Darüber hinaus bringt der Metropolis 400 noch eine Handvoll Extras mit: Mit dem Smart-Key in der Hosentasche lässt sich der Roller einfach per Schalter starten. Der Druck aller Reifen wird ständig elektronisch überwacht, und der Fahrer kann die Rückenlehne verstellen.

Zwei Versionen: Metropolis 400 i und Metropolis 400 RS

Der eigentliche Clou steckt aber in der Vorderachse, die die Räder dank zweier Dreieckslenker, zweier Dämpfer und einer Hydraulikfeder unabhängig schräg stellen lässt, sodass immer genug Grip und Schräglage gegeben sein soll.

Insgesamt bietet Peugeot den Metropolis 400 in sechs verschiedenen Farben an: Die ersten vier, Titan, Perlmuttschwarz, Safranrot und Perlmuttweiß gehören zur Standversion Metropolis 400 i, die man seit Anfang Juli für 8399 Euro beim Peugeothändler bestellen kann.

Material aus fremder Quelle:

lemma L2_lincomb:
  assumes "f \<in> L2 D" "g \<in> L2 D"
  shows "(\<lambda>t. a * f t + b * g t) \<in> L2 D"
proof -
  have "integrable (lebesgue_on D) (\<lambda>t. (a * f t + b * g t)\<^sup>2)"
  proof (rule Bochner_Integration.integrable_bound)
    show "integrable (lebesgue_on D) (\<lambda>t. 2 * a\<^sup>2 * (f t)\<^sup>2 + 2 * b\<^sup>2 * (g t)\<^sup>2)"
      using assms unfolding L2_def by auto
    show "(\<lambda>t. (a * f t + b * g t)\<^sup>2) \<in> borel_measurable (lebesgue_on D)"
      using assms unfolding L2_def by auto
    show "AE t in lebesgue_on D. norm ((a * f t + b * g t)\<^sup>2) \<le> norm (2 * a\<^sup>2 * (f t)\<^sup>2 + 2 * b\<^sup>2 * (g t)\<^sup>2)"
    proof (rule AE_I2)
      fix t
      have "2 * (a * f t) * (b * g t) \<le> (a * f t)\<^sup>2 + (b * g t)\<^sup>2"
        by (rule sum_squares_bound)
      then have "(a * f t + b * g t)\<^sup>2 \<le> 2 * a\<^sup>2 * (f t)\<^sup>2 + 2 * b\<^sup>2 * (g t)\<^sup>2"
        by (simp add: power2_sum power_mult_distrib)
      then show "norm ((a * f t + b * g t)\<^sup>2) \<le> norm (2 * a\<^sup>2 * (f t)\<^sup>2 + 2 * b\<^sup>2 * (g t)\<^sup>2)"
        by simp
    qed
  qed
  then show ?thesis using assms unfolding L2_def by auto
qed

Für 100 Euro mehr wechselt die technisch identische RS-Variante den Besitzer. Hier stehen die Farben Titan matt und Schneeweiß zur Auswahl. Außerdem kommt der Metropolis 400 RS mit einem kleineren, getönten Sportwindschild, Alu-Trittbrettern, orangefarbenen Felgen Flanken und einem in orange eingefassten Kühlergrill.